| The problem |
An identical copy of every entry below is the required output.

| Exercise material |
text \<open>Averaging over the at least 34 endpoints of the completed pairs of a missing point,
each position blocking at most 9 points.\<close>
lemma extremal_obtain_rare_endpoint:
  assumes s: "extremal s" and y: "y \<in> X - set s" and big: "71 < card X"
  obtains t t' where "t < length s" "t' < length s" "t \<noteq> t'" "t \<le> t' + 3" "t' \<le> t + 3"
    "third (s ! t) (s ! t') = y" "card {q. q < length s \<and> s ! t \<in> blocked s q} + 51 \<le> length s"
proof -
  let ?m = "length s" and ?P = "completed_pairs s y"
  define E where "E = fst ` ?P \<union> snd ` ?P"
  define N where "N t = card {q. q < ?m \<and> s ! t \<in> blocked s q}" for t
  have good: "partial_good s" using extremal_partial_good[OF s] .
  then have "distinct s" "set s \<subseteq> X" by (simp_all add: partial_good_def)
  have "34 \<le> card E"
    using card_completed_pairs_endpoints[OF good] extremal_card_completed_pairs_ge[OF s y big]
    by (simp add: E_def)
  have "card X \<le> ?m + 3"
    using extremal_card_missing_le[OF s] card_Diff_subset[OF finite_set \<open>set s \<subseteq> X\<close>]
      card_mono[OF finite_points \<open>set s \<subseteq> X\<close>]
    by (simp add: distinct_card[OF \<open>distinct s\<close>])
  have "E \<subseteq> {..<?m}" by (auto simp: E_def completed_pairs_def)
  then have "(\<Sum>t \<in> E. N t) \<le> 9 * ?m"
    using sum_mono2[OF finite_lessThan \<open>E \<subseteq> {..<?m}\<close>, of N]
      sum_card_blocking_positions_le[OF \<open>distinct s\<close>]
    by (simp add: N_def)
  obtain t where "t \<in> E" "N t + 51 \<le> ?m"
  proof (rule ccontr)
    assume "\<not> thesis"
    then have "\<And>t. t \<in> E \<Longrightarrow> ?m - 50 \<le> N t" using that by fastforce
    then have "card E * (?m - 50) \<le> (\<Sum>t \<in> E. N t)" using sum_bounded_below[of E "?m - 50" N] by simp
    moreover have "34 * (?m - 50) \<le> card E * (?m - 50)" using \<open>34 \<le> card E\<close> by simp
    ultimately show False using \<open>(\<Sum>t \<in> E. N t) \<le> 9 * ?m\<close> \<open>card X \<le> ?m + 3\<close> big by linarith
  qed
  from \<open>t \<in> E\<close> consider b where "(t, b) \<in> ?P" | a where "(a, t) \<in> ?P" by (auto simp: E_def)
  then show thesis
  proof cases
    case 1
    then show thesis using that[of t b] \<open>N t + 51 \<le> ?m\<close> by (auto simp: completed_pairs_def N_def)
  next
    case 2
    then show thesis using that[of t a] \<open>N t + 51 \<le> ?m\<close>
      by (auto simp: completed_pairs_def N_def third_commute)
  qed
qed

| Completed task |
text \<open>Averaging over the at least 34 endpoints of the completed pairs of a missing point,
each position blocking at most 9 points.\<close>
lemma extremal_obtain_rare_endpoint:
  assumes s: "extremal s" and y: "y \<in> X - set s" and big: "71 < card X"
  obtains t t' where "t < length s" "t' < length s" "t \<noteq> t'" "t \<le> t' + 3" "t' \<le> t + 3"
    "third (s ! t) (s ! t') = y" "card {q. q < length s \<and> s ! t \<in> blocked s q} + 51 \<le> length s"
proof -
  let ?m = "length s" and ?P = "completed_pairs s y"
  define E where "E = fst ` ?P \<union> snd ` ?P"
  define N where "N t = card {q. q < ?m \<and> s ! t \<in> blocked s q}" for t
  have good: "partial_good s" using extremal_partial_good[OF s] .
  then have "distinct s" "set s \<subseteq> X" by (simp_all add: partial_good_def)
  have "34 \<le> card E"
    using card_completed_pairs_endpoints[OF good] extremal_card_completed_pairs_ge[OF s y big]
    by (simp add: E_def)
  have "card X \<le> ?m + 3"
    using extremal_card_missing_le[OF s] card_Diff_subset[OF finite_set \<open>set s \<subseteq> X\<close>]
      card_mono[OF finite_points \<open>set s \<subseteq> X\<close>]
    by (simp add: distinct_card[OF \<open>distinct s\<close>])
  have "E \<subseteq> {..<?m}" by (auto simp: E_def completed_pairs_def)
  then have "(\<Sum>t \<in> E. N t) \<le> 9 * ?m"
    using sum_mono2[OF finite_lessThan \<open>E \<subseteq> {..<?m}\<close>, of N]
      sum_card_blocking_positions_le[OF \<open>distinct s\<close>]
    by (simp add: N_def)
  obtain t where "t \<in> E" "N t + 51 \<le> ?m"
  proof (rule ccontr)
    assume "\<not> thesis"
    then have "\<And>t. t \<in> E \<Longrightarrow> ?m - 50 \<le> N t" using that by fastforce
    then have "card E * (?m - 50) \<le> (\<Sum>t \<in> E. N t)" using sum_bounded_below[of E "?m - 50" N] by simp
    moreover have "34 * (?m - 50) \<le> card E * (?m - 50)" using \<open>34 \<le> card E\<close> by simp
    ultimately show False using \<open>(\<Sum>t \<in> E. N t) \<le> 9 * ?m\<close> \<open>card X \<le> ?m + 3\<close> big by linarith
  qed
  from \<open>t \<in> E\<close> consider b where "(t, b) \<in> ?P" | a where "(a, t) \<in> ?P" by (auto simp: E_def)
  then show thesis
  proof cases
    case 1
    then show thesis using that[of t b] \<open>N t + 51 \<le> ?m\<close> by (auto simp: completed_pairs_def N_def)
  next
    case 2
    then show thesis using that[of t a] \<open>N t + 51 \<le> ?m\<close>
      by (auto simp: completed_pairs_def N_def third_commute)
  qed
qed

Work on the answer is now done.